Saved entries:
>>>

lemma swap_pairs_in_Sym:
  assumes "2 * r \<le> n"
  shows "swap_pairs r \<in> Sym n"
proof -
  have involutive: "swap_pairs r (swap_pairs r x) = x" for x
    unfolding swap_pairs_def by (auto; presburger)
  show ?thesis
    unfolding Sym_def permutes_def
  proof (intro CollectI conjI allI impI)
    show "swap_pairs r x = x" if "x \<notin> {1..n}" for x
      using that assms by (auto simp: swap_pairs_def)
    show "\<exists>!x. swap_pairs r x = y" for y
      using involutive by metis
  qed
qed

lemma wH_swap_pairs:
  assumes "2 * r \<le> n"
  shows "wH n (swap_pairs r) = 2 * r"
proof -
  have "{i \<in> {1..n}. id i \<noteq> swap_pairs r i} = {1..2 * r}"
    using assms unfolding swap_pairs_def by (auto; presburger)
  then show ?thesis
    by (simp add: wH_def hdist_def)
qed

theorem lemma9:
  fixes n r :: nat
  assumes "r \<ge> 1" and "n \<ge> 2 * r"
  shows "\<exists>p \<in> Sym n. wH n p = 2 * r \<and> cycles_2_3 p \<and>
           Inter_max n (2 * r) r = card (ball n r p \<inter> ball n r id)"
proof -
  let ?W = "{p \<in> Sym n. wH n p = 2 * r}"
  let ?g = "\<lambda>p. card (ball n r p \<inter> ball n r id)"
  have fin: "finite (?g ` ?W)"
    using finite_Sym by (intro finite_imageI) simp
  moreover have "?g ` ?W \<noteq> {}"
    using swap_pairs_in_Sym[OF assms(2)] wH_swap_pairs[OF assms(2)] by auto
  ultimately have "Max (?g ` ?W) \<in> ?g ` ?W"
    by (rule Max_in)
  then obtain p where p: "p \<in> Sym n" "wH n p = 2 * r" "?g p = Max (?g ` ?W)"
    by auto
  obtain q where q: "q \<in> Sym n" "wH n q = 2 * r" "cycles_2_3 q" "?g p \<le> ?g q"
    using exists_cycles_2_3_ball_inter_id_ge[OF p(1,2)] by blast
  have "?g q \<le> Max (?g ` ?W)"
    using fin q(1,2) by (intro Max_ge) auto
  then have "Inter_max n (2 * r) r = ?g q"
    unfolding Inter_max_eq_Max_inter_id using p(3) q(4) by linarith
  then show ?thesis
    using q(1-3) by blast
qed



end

<<<

Problem details: Give again only the lines starting at the one that contains "using exists_cycles_2_3_ball_inter_id_ge[OF p(1,2)]" and running to the end of the data.

Solution to this exercise:
    using exists_cycles_2_3_ball_inter_id_ge[OF p(1,2)] by blast
  have "?g q \<le> Max (?g ` ?W)"
    using fin q(1,2) by (intro Max_ge) auto
  then have "Inter_max n (2 * r) r = ?g q"
    unfolding Inter_max_eq_Max_inter_id using p(3) q(4) by linarith
  then show ?thesis
    using q(1-3) by blast
qed



end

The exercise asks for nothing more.